Distributionally Robust Language Modeling
Yonatan Oren, Shiori Sagawa, Tatsunori B. Hashimoto, Percy Liang
TL;DR
The paper tackles the problem that language models trained on heterogeneous data can underperform on unseen target distributions. It introduces topic CVaR, a distributionally robust optimization approach that uses topic-level uncertainty sets and a baselined loss to ensure uniform performance across topics, implemented via an online minimax algorithm. Empirical results show substantial perplexity reductions (e.g., 5.5 points on Yelp when tested on reviews) and robustness beyond subpopulation shifts, with strong ablations confirming the importance of topic structure and baselining. This approach enables a single, broadly robust language model that generalizes across unknown distributions without needing target-domain labels.
Abstract
Language models are generally trained on data spanning a wide range of topics (e.g., news, reviews, fiction), but they might be applied to an a priori unknown target distribution (e.g., restaurant reviews). In this paper, we first show that training on text outside the test distribution can degrade test performance when using standard maximum likelihood (MLE) training. To remedy this without the knowledge of the test distribution, we propose an approach which trains a model that performs well over a wide range of potential test distributions.
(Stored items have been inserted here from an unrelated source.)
definition var_deg :: "nat \<Rightarrow> int \<times> int" where
  "var_deg i = (if i = 1 then D1 else if i = 2 then D2 else if i = 3 then D1 else D1 + D2)"

definition expo_deg :: "expo \<Rightarrow> int \<times> int" where
  "expo_deg e = (case e of (a, b, c, d) \<Rightarrow>
     scale_deg a (var_deg 1) + scale_deg b (var_deg 2) + scale_deg c (var_deg 3) + scale_deg d (var_deg 4))"

definition canonical_class :: "int \<times> int" where
  "canonical_class = - (var_deg 1 + var_deg 2 + var_deg 3 + var_deg 4)"

definition S_deg :: "int \<times> int \<Rightarrow> cpoly set" where
  "S_deg \<alpha> = {p. \<forall>e \<in> Poly_Mapping.keys p. expo_deg e = \<alpha>}"

definition exp_at :: "nat \<Rightarrow> expo \<Rightarrow> nat" where
  "exp_at i e = (case e of (a, b, c, d) \<Rightarrow>
     (if i = 1 then a else if i = 2 then b else if i = 3 then c else d))"

definition var :: "nat \<Rightarrow> cpoly" where
  "var i = Poly_Mapping.single
     (if i = 1 then (1,0,0,0) else if i = 2 then (0,1,0,0) else if i = 3 then (0,0,1,0) else (0,0,0,1)) 1"

definition cscale :: "complex \<Rightarrow> cpoly \<Rightarrow> cpoly" where
  "cscale c p = Poly_Mapping.map (\<lambda>a. c * a) p"

text \<open>The Euler-type derivative x_i * d f / d x_i : monomial x^e is sent to e_i x^e.\<close>
definition xdiff :: "nat \<Rightarrow> cpoly \<Rightarrow> cpoly" where
  "xdiff i f = Abs_poly_mapping (\<lambda>e. of_nat (exp_at i e) * Poly_Mapping.lookup f e)"

definition peval :: "cpoly \<Rightarrow> complex \<times> complex \<times> complex \<times> complex \<Rightarrow> complex" where
  "peval p z = (case z of (z1, z2, z3, z4) \<Rightarrow>
     (\<Sum>e\<in>Poly_Mapping.keys p. Poly_Mapping.lookup p e *
        (case e of (a, b, c, d) \<Rightarrow> z1 ^ a * z2 ^ b * z3 ^ c * z4 ^ d)))"

text \<open>Exceptional set Z = V(x3x4, x4x1, x1x2, x2x3) = {x1=x3=0} \<union> {x2=x4=0};
  points of H_1 are G-orbits of C^4 - Z. Since the x_i df/dx_i are quasi-homogeneous,
  a common zero on H_1 is a common zero in C^4 - Z.\<close>
definition exceptional_set :: "(complex \<times> complex \<times> complex \<times> complex) set" where
  "exceptional_set = {(z1, z2, z3, z4). (z1 = 0 \<and> z3 = 0) \<or> (z2 = 0 \<and> z4 = 0)}"

definition nondegenerate :: "cpoly \<Rightarrow> bool" where
  "nondegenerate f \<longleftrightarrow>
     (\<forall>z. (\<forall>i\<in>{1,2,3,4}. peval (xdiff i f) z = 0) \<longrightarrow> z \<in> exceptional_set)"

definition J0 :: "cpoly \<Rightarrow> cpoly set" where
  "J0 f = {p. \<exists>a :: nat \<Rightarrow> cpoly. p = (\<Sum>i\<in>{1,2,3,4}. a i * xdiff i f)}"

definition J1 :: "cpoly \<Rightarrow> cpoly set" where
  "J1 f = {h. h * (var 1 * var 2 * var 3 * var 4) \<in> J0 f}"

text \<open>Rank of the map R_1(f)_{beta+K} -> R_1(f)_{2 beta+K} induced by multiplication
  with eta: the dimension of its image, i.e. the largest n such that there are
  h_1..h_n in S_{beta+K} whose products with eta are linearly independent modulo J_1(f)
  (as elements of R_1(f)_{2 beta+K} = S_{2 beta+K} / (J_1(f) \<inter> S_{2 beta+K})).\<close>
definition lin_indep_mod :: "cpoly set \<Rightarrow> (nat \<Rightarrow> cpoly) \<Rightarrow> nat \<Rightarrow> bool" where
  "lin_indep_mod W v n \<longleftrightarrow>
     (\<forall>c :: nat \<Rightarrow> complex. (\<Sum>i<n. cscale (c i) (v i)) \<in> W \<longrightarrow> (\<forall>i<n. c i = 0))"

definition IVHS_rank :: "int \<times> int \<Rightarrow> cpoly \<Rightarrow> cpoly \<Rightarrow> nat" where
  "IVHS_rank \<beta> f \<eta> = (GREATEST n. \<exists>h :: nat \<Rightarrow> cpoly.
      (\<forall>i<n. h i \<in> S_deg (\<beta> + canonical_class)) \<and>
      lin_indep_mod (J1 f) (\<lambda>i. \<eta> * h i) n)"

end

theory Submission
  imports Defs "HOL-Library.Product_Order"
begin

(* Take f = x1^d x2^3 + x2^3 x3^d + x1^(d-3) x4^3 + x3^(d-3) x4^3 and
   eta = x2^3 x3^d + x1 x2^2 x3^(d-2) x4.  At a common zero (a, b, c, e) of the x_i df/dx_i we get
   b^3 (a^d + c^d) = 0 and e^3 (a^(d-3) + c^(d-3)) = 0; if b e <> 0 these force a^3 = c^3 and then
   a = c = 0, and if b = 0 or e = 0 the other two derivatives force a = c = 0, so f is
   nondegenerate.  S_(beta+K) = S_(d-3,1) is spanned by its 2d - 5 monomials m_i, which bounds the
   rank by g = 2d - 5.  Conversely, for every k there is a linear functional lambda_k with integer
   coefficients that kills all multiples of all x_i df/dx_i, so that h |-> lambda_k(x1 x2 x3 x4 h)
   vanishes on J_1(f), while lambda_k(x1 x2 x3 x4 eta m_i) <> 0 exactly for i = k; hence the
   classes of the eta m_i are independent.  The functionals were found by exact linear algebra and
   are checked here by evaluation, separately for each d. *)

section \<open>Polynomials and linear functionals from integer term lists\<close>

definition poly_of_terms :: "(expo \<times> int) list \<Rightarrow> cpoly" where
  "poly_of_terms ts = (\<Sum>(e, c)\<leftarrow>ts. Poly_Mapping.single e (of_int c))"

definition coeff_of_terms :: "(expo \<times> int) list \<Rightarrow> expo \<Rightarrow> int" where
  "coeff_of_terms ts e = (\<Sum>(k, c)\<leftarrow>ts. if k = e then c else 0)"

definition functional_of_terms :: "(expo \<times> int) list \<Rightarrow> cpoly \<Rightarrow> complex" where
  "functional_of_terms ts p = (\<Sum>(k, c)\<leftarrow>ts. of_int c * Poly_Mapping.lookup p k)"

definition functional_on_multiple ::
  "(expo \<times> int) list \<Rightarrow> (expo \<times> int) list \<Rightarrow> expo \<Rightarrow> int" where
  "functional_on_multiple ts gs e = (\<Sum>(k, c)\<leftarrow>gs. c * coeff_of_terms ts (e + k))"

lemma poly_of_terms_simps [simp]:
  "poly_of_terms [] = 0"
  "poly_of_terms ((e, c) # ts) = Poly_Mapping.single e (of_int c) + poly_of_terms ts"
  by (simp_all add: poly_of_terms_def)

lemma coeff_of_terms_simps [simp]:
  "coeff_of_terms [] e = 0"
  "coeff_of_terms ((k, c) # ts) e = (if k = e then c else 0) + coeff_of_terms ts e"
  by (simp_all add: coeff_of_terms_def)

lemma functional_of_terms_simps [simp]:
  "functional_of_terms [] p = 0"
  "functional_of_terms ((k, c) # ts) p =
     of_int c * Poly_Mapping.lookup p k + functional_of_terms ts p"
  by (simp_all add: functional_of_terms_def)

lemma lookup_poly_of_terms:
  "Poly_Mapping.lookup (poly_of_terms ts) e = of_int (coeff_of_terms ts e)"
  by (induction ts) (auto simp: lookup_add lookup_single)

lemma coeff_of_terms_nonzero: "coeff_of_terms ts e \<noteq> 0 \<Longrightarrow> e \<in> fst ` set ts"
  by (induction ts) (auto split: if_splits)

lemma keys_poly_of_terms: "Poly_Mapping.keys (poly_of_terms ts) \<subseteq> fst ` set ts"
  using coeff_of_terms_nonzero by (auto simp: in_keys_iff lookup_poly_of_terms)

lemma poly_of_terms_in_S_deg:
  "(\<And>t. t \<in> set ts \<Longrightarrow> expo_deg (fst t) = \<alpha>) \<Longrightarrow> poly_of_terms ts \<in> S_deg \<alpha>"
  using keys_poly_of_terms by (fastforce simp: S_deg_def)

lemma poly_mapping_sum_singles:
  "p = (\<Sum>e\<in>Poly_Mapping.keys p. Poly_Mapping.single e (Poly_Mapping.lookup p e))"
  by (rule poly_mapping_eqI) (auto simp: lookup_sum lookup_single when_def in_keys_iff)

lemma cscale_eq_single_mult: "cscale c p = Poly_Mapping.single 0 c * p"
  unfolding cscale_def by (rule mult_map_scale_conv_mult)

lemma cscale_mult: "cscale c p * q = cscale c (p * q)"
  by (simp add: cscale_eq_single_mult mult.assoc)

interpretation cpoly: vector_space cscale
  by unfold_locales
    (simp_all add: cscale_eq_single_mult distrib_left distrib_right single_add mult_single
      flip: mult.assoc)

(* A lemma rather than an interpretation: the interpretation's simp rules, such as
   a * (b * x) = (a * b) * x, make simp loop together with algebra_simps. *)
lemma vector_space_complex_mult: "vector_space ((*) :: complex \<Rightarrow> complex \<Rightarrow> complex)"
  by unfold_locales (simp_all add: algebra_simps)

lemma functional_of_terms_zero [simp]: "functional_of_terms ts 0 = 0"
  by (induction ts) auto

lemma functional_of_terms_add:
  "functional_of_terms ts (p + q) = functional_of_terms ts p + functional_of_terms ts q"
  by (induction ts) (auto simp: lookup_add algebra_simps)

lemma lookup_cscale: "Poly_Mapping.lookup (cscale c p) k = c * Poly_Mapping.lookup p k"
  by (simp add: cscale_def Poly_Mapping.map.rep_eq when_def)

lemma functional_of_terms_cscale:
  "functional_of_terms ts (cscale c p) = c * functional_of_terms ts p"
  by (induction ts) (auto simp: lookup_cscale distrib_left mult.left_commute)

lemma functional_of_terms_single:
  "functional_of_terms ts (Poly_Mapping.single k a) = a * of_int (coeff_of_terms ts k)"
  by (induction ts) (auto simp: lookup_single when_def algebra_simps)

lemma linear_functional_of_terms_mult:
  "Vector_Spaces.linear cscale (*) (\<lambda>p. functional_of_terms ts (p * q))"
  by (simp add: Vector_Spaces.linear_iff cpoly.vector_space_axioms vector_space_complex_mult
      functional_of_terms_add functional_of_terms_cscale distrib_right cscale_mult)

lemma functional_of_terms_single_mult:
  "functional_of_terms ts (Poly_Mapping.single e a * poly_of_terms gs) =
     a * of_int (functional_on_multiple ts gs e)"
  by (induction gs)
    (auto simp: functional_on_multiple_def distrib_left mult_single functional_of_terms_add
      functional_of_terms_single algebra_simps)
(* Let $q=\{q_n\}_{n\geq1}$ be an (infinite) system of Beurling primes with $q_1>1$ and $\sigma_c(\zeta_q)<\infty$. Then for every $A>0$ there exists a system of Beurling primes $\tilde q=\{\tilde q_n\}_{n\geq1}$ such that $$|q_n-\tilde q_n|\leq q_n^{-A},\qquad n\in\mathbb{N},$$ and the Beurling integers $\{\tilde\nu_n\}_{n\geq1}$ generated by $\tilde q$ satisfy Bohr's condition: there exist $c_1,c_2>0$ with $\tilde\nu_{n+1}-\tilde\nu_n\geq c_1\tilde\nu_{n+1}^{-c_2}$ for all $n\in\mathbb{N}$.
   Context: A system of Beurling primes is an increasing sequence $q=\{q_n\}$ of real numbers with $1<q_n\to\infty$ such that $\{\log q_n\}$ is linearly independent over $\mathbb{Q}$. The Beurling integers are all finite products of elements of $q$ (including $1$), listed in increasing order as $\nu_1<\nu_2<\cdots$. $\zeta_q(s)=\sum_{n\geq1}\nu_n^{-s}$ and $\sigma_c(\zeta_q)$ is its abscissa of convergence. *)

theory Defs
  imports "HOL-Analysis.Analysis"
begin

text \<open>A system of Beurling primes, indexed from 0 (q 0 is the paper's q_1).\<close>
definition beurling_primes :: "(nat \<Rightarrow> real) \<Rightarrow> bool" where
  "beurling_primes q \<longleftrightarrow>
     strict_mono q \<and> (\<forall>n. 1 < q n) \<and> filterlim q at_top sequentially \<and>
     (\<forall>F (c :: nat \<Rightarrow> rat). finite F \<longrightarrow>
        (\<Sum>i\<in>F. of_rat (c i) * ln (q i)) = 0 \<longrightarrow> (\<forall>i\<in>F. c i = 0))"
In particular, we derive a new distributionally robust optimization (DRO) procedure which minimizes the loss of the model over the worst-case mixture of topics with sufficient overlap with the training distribution. Our approach, called topic conditional value at risk (topic CVaR), obtains a 5.5 point perplexity reduction over MLE when the language models are trained on a mixture of Yelp reviews and news and tested only on reviews.